About this task: What you return must be every line from the beginning of the data through the line holding "g + s * ?\<kappa>", unchanged.

Study material:
lemma fm_eliminate_extend_solution:
  assumes fin: "finite F" and lin: "\<And>g. g \<in> F \<Longrightarrow> linear_constraint (insert i I) g"
    and sol: "\<And>h. h \<in> fm_eliminate i F \<Longrightarrow> h y t \<le> 0"
  obtains s where "\<And>g. g \<in> F \<Longrightarrow> g y (t(i := s)) \<le> 0"
proof -
  let ?r = "\<lambda>g. g y (t(i := 0))" and ?\<kappa> = "coord_coeff i"
  have split: "g y (t(i := s)) = ?r g + s * ?\<kappa> g" if "g \<in> F" for g s
    using linear_constraint_split_unknown[OF lin[OF that], of y "t(i := s)" i] by simp
  define bound where "bound g = - ?r g / ?\<kappa> g" for g
  have bound_le: "bound n \<le> bound p"
    if n: "n \<in> F" "?\<kappa> n < 0" and p: "p \<in> F" "?\<kappa> p > 0" for n p
  proof -
    have "(\<lambda>y t. - ?\<kappa> n * p y (t(i := 0)) + ?\<kappa> p * n y (t(i := 0))) \<in> fm_eliminate i F"
      unfolding fm_eliminate_def using n p by (intro UnI2 image_eqI[where x = "(p, n)"]) auto
    from sol[OF this] have comb: "- ?\<kappa> n * ?r p + ?\<kappa> p * ?r n \<le> 0"
      by simp
    have diff: "bound n - bound p = (- ?\<kappa> n * ?r p + ?\<kappa> p * ?r n) / (- ?\<kappa> n * ?\<kappa> p)"
      using n(2) p(2) unfolding bound_def by (simp add: field_simps)
    have pos: "- ?\<kappa> n * ?\<kappa> p > 0"
      using n(2) p(2) by (simp add: mult_neg_pos)
    have "bound n - bound p \<le> 0"
      unfolding diff by (rule divide_nonpos_pos[OF comb pos])
    then show ?thesis by simp
  qed
  define lower where "lower = bound ` {n \<in> F. ?\<kappa> n < 0}"
  define upper where "upper = bound ` {p \<in> F. ?\<kappa> p > 0}"
  have "finite lower" "finite upper"
    using fin by (simp_all add: lower_def upper_def)
  moreover have "l \<le> u" if "l \<in> lower" "u \<in> upper" for l u
  proof -
    from that obtain n p where "n \<in> F" "?\<kappa> n < 0" "l = bound n" "p \<in> F" "?\<kappa> p > 0" "u = bound p"
      unfolding lower_def upper_def by blast
    then show ?thesis using bound_le by simp
  qed
  ultimately obtain s where lower: "\<And>l. l \<in> lower \<Longrightarrow> l \<le> s" and upper: "\<And>u. u \<in> upper \<Longrightarrow> s \<le> u"
    using exists_between_finite_bounds by blast
  have "g y (t(i := s)) \<le> 0" if g: "g \<in> F" for g
  proof (cases "?\<kappa> g" "0::real" rule: linorder_cases)
    case less
    have "bound g \<le> s" using g less by (intro lower) (simp add: lower_def)
    then have "s * ?\<kappa> g \<le> bound g * ?\<kappa> g"
      using less by (intro mult_right_mono_neg) auto
    with less show ?thesis
      using split[OF g, of s] unfolding bound_def by simp
  next
    case equal
    then have "(\<lambda>y t. g y (t(i := 0))) \<in> fm_eliminate i F"
      unfolding fm_eliminate_def using g by blast
    from sol[OF this] show ?thesis
      using split[OF g, of s] equal by simp
  next
    case greater
    have "s \<le> bound g" using g greater by (intro upper) (simp add: upper_def)
    then have "s * ?\<kappa> g \<le> bound g * ?\<kappa> g"
      using greater by (intro mult_right_mono) auto
    with greater show ?thesis
      using split[OF g, of s] unfolding bound_def by simp
  qed
  then show ?thesis by (rule that)
qed
lemma Galpha_recursion:
  fixes Q :: "real^'e::finite^'e" and \<zeta> q :: complex
  assumes Q: "stochastic Q" "symmetric_mat Q" "4 \<le> CARD('e)"
    and \<zeta>: "norm \<zeta> < 1" and q: "norm q \<le> 1"
  defines "N \<equiv> of_nat CARD('e) :: complex"
  shows "Galpha Q \<zeta> q = \<zeta> * ((1 - q) * forcing_gf Q \<zeta> + (N - 2 + 2 * q) / N * Galpha Q \<zeta> q)"
proof -
  let ?A = "\<lambda>n. alpha_poly Q n q" and ?c = "\<lambda>n. complex_of_real (alpha_forcing Q n)"
  define r where "r = (N - 2 + 2 * q) / N"
  have sA: "summable (\<lambda>n. \<zeta>^n * ?A n)"
    by (rule summable_power_mult_quadratic_bound[OF \<zeta> norm_alpha_poly_le[OF Q q]])
  have sc: "summable (\<lambda>n. \<zeta>^n * ?c n)" by (rule summable_forcing_gf[OF Q \<zeta>])
  have sh: "summable (\<lambda>n. \<zeta>^n * ((1 - q) * ?c n + r * ?A n))"
    using summable_mult[OF sc, of "1 - q"] summable_mult[OF sA, of r]
    by (simp add: distrib_left summable_add mult_ac)
  have "Galpha Q \<zeta> q = \<zeta> * (\<Sum>n. \<zeta>^n * ((1 - q) * ?c n + r * ?A n))"
    unfolding Galpha_eq_suminf_alpha_poly
    by (rule suminf_power_mult_shift[OF sA sh alpha_poly_0]) (simp add: alpha_poly_Suc r_def N_def)
  also have "(\<Sum>n. \<zeta>^n * ((1 - q) * ?c n + r * ?A n))
      = (1 - q) * (\<Sum>n. \<zeta>^n * ?c n) + r * (\<Sum>n. \<zeta>^n * ?A n)"
  proof -
    have "(\<Sum>n. \<zeta>^n * ((1 - q) * ?c n + r * ?A n))
        = (\<Sum>n. (1 - q) * (\<zeta>^n * ?c n) + r * (\<zeta>^n * ?A n))"
      by (simp add: algebra_simps)
    also have "\<dots> = (\<Sum>n. (1 - q) * (\<zeta>^n * ?c n)) + (\<Sum>n. r * (\<zeta>^n * ?A n))"
      by (rule suminf_add[symmetric]) (intro summable_mult sc sA)+
    finally show ?thesis by (simp add: suminf_mult[OF sc] suminf_mult[OF sA])
  qed
  finally show ?thesis
    by (simp add: forcing_gf_def Galpha_eq_suminf_alpha_poly r_def)
qed

definition matpoly_gf :: "real^'e::finite^'e \<Rightarrow> complex \<Rightarrow> complex^'e^'e" where
  "matpoly_gf Q \<zeta> = (\<chi> i j. \<Sum>n. \<zeta>^n * complex_of_real (alpha_matpoly Q n $ i $ j))"

lemma matpoly_gf_component_eq:
  fixes Q :: "real^'e::finite^'e" and \<zeta> :: complex
  assumes Q: "stochastic Q" "symmetric_mat Q" "4 \<le> CARD('e)" and \<zeta>: "norm \<zeta> < 1"
  shows "matpoly_gf Q \<zeta> $ i $ j = \<zeta> * (forcing_gf Q \<zeta> * complex_of_real (laplacian Q $ i $ j)
    + (\<Sum>k\<in>UNIV. complex_of_real (lazy_walk Q $ i $ k) * matpoly_gf Q \<zeta> $ k $ j))"
proof -
  let ?P = "\<lambda>n i j. complex_of_real (alpha_matpoly Q n $ i $ j)"
  let ?c = "\<lambda>n. complex_of_real (alpha_forcing Q n)"
  let ?D = "complex_of_real (laplacian Q $ i $ j)" and ?R = "\<lambda>k. complex_of_real (lazy_walk Q $ i $ k)"
  have sP: "summable (\<lambda>n. \<zeta>^n * ?P n i j)" for i j
    using alpha_matpoly_component_le[OF Q] by (intro summable_power_mult_quadratic_bound[OF \<zeta>]) simp
  have sc: "summable (\<lambda>n. \<zeta>^n * ?c n)" by (rule summable_forcing_gf[OF Q \<zeta>])
  have sh: "summable (\<lambda>n. \<zeta>^n * (?c n * ?D + (\<Sum>k\<in>UNIV. ?R k * ?P n k j)))"
    unfolding distrib_left sum_distrib_left
    using summable_mult2[OF sc, of ?D] summable_mult[OF sP, of "?R k" for k]
    by (intro summable_add summable_sum) (simp_all add: mult_ac)
  have "matpoly_gf Q \<zeta> $ i $ j = \<zeta> * (\<Sum>n. \<zeta>^n * (?c n * ?D + (\<Sum>k\<in>UNIV. ?R k * ?P n k j)))"
    unfolding matpoly_gf_def vec_lambda_beta
    by (rule suminf_power_mult_shift[OF sP sh])
      (simp_all add: alpha_matpoly_0 alpha_matpoly_Suc matrix_mult_component)
  also have "(\<Sum>n. \<zeta>^n * (?c n * ?D + (\<Sum>k\<in>UNIV. ?R k * ?P n k j)))
      = (\<Sum>n. (\<zeta>^n * ?c n) * ?D + (\<Sum>k\<in>UNIV. ?R k * (\<zeta>^n * ?P n k j)))"
    by (simp add: algebra_simps sum_distrib_left)
  also have "\<dots> = (\<Sum>n. (\<zeta>^n * ?c n) * ?D) + (\<Sum>n. \<Sum>k\<in>UNIV. ?R k * (\<zeta>^n * ?P n k j))"
    by (rule suminf_add[symmetric]) (intro summable_mult2 summable_sum summable_mult sc sP)+
  also have "\<dots> = forcing_gf Q \<zeta> * ?D + (\<Sum>k\<in>UNIV. ?R k * matpoly_gf Q \<zeta> $ k $ j)"
    unfolding forcing_gf_def matpoly_gf_def
    by (simp add: suminf_mult2[OF sc] suminf_sum[OF summable_mult[OF sP]] suminf_mult[OF sP])
  finally show ?thesis .
qed

lemma matpoly_gf_eq:
  fixes Q :: "real^'e::finite^'e" and \<zeta> :: complex
  assumes Q: "stochastic Q" "symmetric_mat Q" "4 \<le> CARD('e)" and \<zeta>: "norm \<zeta> < 1"
  shows "matpoly_gf Q \<zeta> = mat \<zeta> ** (mat (forcing_gf Q \<zeta>) ** complex_mat (laplacian Q)
    + complex_mat (lazy_walk Q) ** matpoly_gf Q \<zeta>)"
  unfolding vec_eq_iff mat_mult_component[of \<zeta>] vector_add_component mat_mult_component
    matrix_mult_component[of "complex_mat (lazy_walk Q)"] complex_mat_component
  by (intro allI matpoly_gf_component_eq[OF Q \<zeta>])

lemma forcing_gf_eq_trace:
  fixes Q :: "real^'e::finite^'e" and \<zeta> :: complex
  assumes Q: "stochastic Q" "symmetric_mat Q" "4 \<le> CARD('e)" and \<zeta>: "norm \<zeta> < 1"
  shows "forcing_gf Q \<zeta> = 2 / (of_nat CARD('e))^2 * (1 / (1 - \<zeta>) + trace (matpoly_gf Q \<zeta>))"
proof -
  let ?P = "\<lambda>n i. \<zeta>^n * complex_of_real (alpha_matpoly Q n $ i $ i)"
  have sP: "summable (\<lambda>n. ?P n i)" for i
    using alpha_matpoly_component_le[OF Q] by (intro summable_power_mult_quadratic_bound[OF \<zeta>]) simp
  have "forcing_gf Q \<zeta> = (\<Sum>n. 2 / (of_nat CARD('e))^2 * (\<zeta>^n + (\<Sum>i\<in>UNIV. ?P n i)))"
    unfolding forcing_gf_def alpha_forcing_eq_trace trace_def
    by (simp add: algebra_simps sum_distrib_left sum_divide_distrib)
  also have "\<dots> = 2 / (of_nat CARD('e))^2 * ((\<Sum>n. \<zeta>^n) + (\<Sum>n. \<Sum>i\<in>UNIV. ?P n i))"
    using \<zeta> by (subst suminf_mult)
      (intro summable_add summable_geometric summable_sum sP,
       simp_all add: suminf_add[OF summable_geometric summable_sum[OF sP]])
  also have "\<dots> = 2 / (of_nat CARD('e))^2 * (1 / (1 - \<zeta>) + trace (matpoly_gf Q \<zeta>))"
    unfolding matpoly_gf_def trace_def using \<zeta> by (simp add: suminf_geometric suminf_sum[OF sP])
  finally show ?thesis .
qed

section \<open>The matrix N - zeta (N - 2 + 2 Q)\<close>

definition walk_pencil :: "real^'e::finite^'e \<Rightarrow> complex \<Rightarrow> complex^'e^'e" where
  "walk_pencil Q z
    = mat (of_nat CARD('e)) - mat z ** (mat (of_nat CARD('e) - 2) + mat 2 ** complex_mat Q)"

lemma walk_pencil_component:
  fixes Q :: "real^'e::finite^'e"
  shows "walk_pencil Q z $ i $ k = (if i = k then of_nat CARD('e) - z * (of_nat CARD('e) - 2) else 0)
    - 2 * z * complex_of_real (Q $ i $ k)"
  by (simp add: walk_pencil_def mat_component mat_mult_component algebra_simps)

lemma walk_pencil_eq_lazy_walk:
  fixes Q :: "real^'e::finite^'e"
  shows "walk_pencil Q z = mat (of_nat CARD('e)) ** (mat 1 - mat z ** complex_mat (lazy_walk Q))"
  by (simp add: vec_eq_iff walk_pencil_component mat_mult_component mat_component
      lazy_walk_component field_simps)

lemma laplacian_eq_walk_pencil:
  fixes Q :: "real^'e::finite^'e"
  shows "mat (2 * z) ** complex_mat (laplacian Q) = walk_pencil Q z - mat (of_nat CARD('e) * (1 - z))"
  by (simp add: vec_eq_iff walk_pencil_component mat_mult_component mat_component laplacian_def
      algebra_simps)

lemma walk_pencil_mult_vector_component:
  fixes Q :: "real^'e::finite^'e"
  shows "(walk_pencil Q z *v v) $ i = (of_nat CARD('e) - z * (of_nat CARD('e) - 2)) * v $ i
    - 2 * z * (\<Sum>k\<in>UNIV. complex_of_real (Q $ i $ k) * v $ k)"
proof -
  let ?d = "of_nat CARD('e) - z * (of_nat CARD('e) - 2)"
  have "(walk_pencil Q z *v v) $ i = (\<Sum>k\<in>UNIV. (if i = k then ?d else 0) * v $ k)
      - (\<Sum>k\<in>UNIV. 2 * z * complex_of_real (Q $ i $ k) * v $ k)"
    by (simp add: matrix_vector_mult_def walk_pencil_component left_diff_distrib sum_subtractf)
  also have "(\<Sum>k\<in>UNIV. (if i = k then ?d else 0) * v $ k) = ?d * v $ i"
    by (simp add: if_distrib if_distribR cong: if_cong)
  finally show ?thesis by (simp add: sum_distrib_left mult.assoc)
qed

text \<open>Diagonal dominance: at a coordinate of maximal modulus, |N v_i| <= |z| N |v_i|.\<close>

lemma walk_pencil_kernel:
  fixes Q :: "real^'e::finite^'e" and v :: "complex^'e"
  assumes Q: "stochastic Q" and N2: "2 \<le> CARD('e)" and z: "norm z < 1"
    and v: "walk_pencil Q z *v v = 0"
  shows "v = 0"
proof -
  define N where "N = real CARD('e)"
  obtain i where i: "\<And>k. norm (v $ k) \<le> norm (v $ i)"
    using ex_max_norm_component[of v] by blast
  let ?S = "\<Sum>k\<in>UNIV. complex_of_real (Q $ i $ k) * v $ k"
  have avg: "norm ?S \<le> norm (v $ i)" by (rule norm_stochastic_average_le[OF Q i])
  have eq: "complex_of_real N * v $ i = z * (complex_of_real (N - 2) * v $ i + 2 * ?S)"
    using arg_cong[OF v, of "\<lambda>w. w $ i"]
    unfolding walk_pencil_mult_vector_component by (simp add: N_def algebra_simps)
  have "N * norm (v $ i) = norm z * norm (complex_of_real (N - 2) * v $ i + 2 * ?S)"
    using arg_cong[OF eq, of norm] by (simp only: norm_mult norm_of_real) (simp add: N_def)
  also have "\<dots> \<le> norm z * ((N - 2) * norm (v $ i) + 2 * norm (v $ i))"
  proof (rule mult_left_mono)
    have "norm (complex_of_real (N - 2) * v $ i + 2 * ?S)
        \<le> norm (complex_of_real (N - 2) * v $ i) + norm (2 * ?S)"
      by (rule norm_triangle_ineq)
    also have "\<dots> \<le> (N - 2) * norm (v $ i) + 2 * norm (v $ i)"
      using avg N2 by (simp only: norm_mult norm_of_real norm_numeral) (simp add: N_def)
    finally show "norm (complex_of_real (N - 2) * v $ i + 2 * ?S)
        \<le> (N - 2) * norm (v $ i) + 2 * norm (v $ i)" .
  qed simp
  finally have "(1 - norm z) * (N * norm (v $ i)) \<le> 0"
    by (simp add: algebra_simps)
  moreover have "0 < 1 - norm z" using z by simp
  ultimately have "N * norm (v $ i) \<le> 0" by (simp add: mult_le_0_iff)
  moreover have "N > 0" by (simp add: N_def)
  ultimately have "norm (v $ i) = 0" by (simp add: mult_le_0_iff)
  then show "v = 0" using i by (simp add: vec_eq_iff)
qed

lemma invertible_walk_pencil:
  fixes Q :: "real^'e::finite^'e"
  assumes "stochastic Q" "2 \<le> CARD('e)" "norm z < 1"
  shows "invertible (walk_pencil Q z)"
proof -
  have "inj (\<lambda>x. walk_pencil Q z *v x)"
  proof (rule injI)
    fix x y assume "walk_pencil Q z *v x = walk_pencil Q z *v y"
    then have "walk_pencil Q z *v (x - y) = 0" by (simp add: matrix_vector_mult_diff_distrib)
    then have "x - y = 0" by (rule walk_pencil_kernel[OF assms])
    then show "x = y" by simp
  qed
  then have "det (walk_pencil Q z) \<noteq> 0"
    using det_nz_iff_inj_gen[of "\<lambda>x. walk_pencil Q z *v x"]
    by (simp add: matrix_vector_mul_linear_gen)
  then show ?thesis by (simp add: invertible_det_nz)
qed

Your response:
lemma fm_eliminate_extend_solution:
  assumes fin: "finite F" and lin: "\<And>g. g \<in> F \<Longrightarrow> linear_constraint (insert i I) g"
    and sol: "\<And>h. h \<in> fm_eliminate i F \<Longrightarrow> h y t \<le> 0"
  obtains s where "\<And>g. g \<in> F \<Longrightarrow> g y (t(i := s)) \<le> 0"
proof -
  let ?r = "\<lambda>g. g y (t(i := 0))" and ?\<kappa> = "coord_coeff i"
  have split: "g y (t(i := s)) = ?r g + s * ?\<kappa> g" if "g \<in> F" for g s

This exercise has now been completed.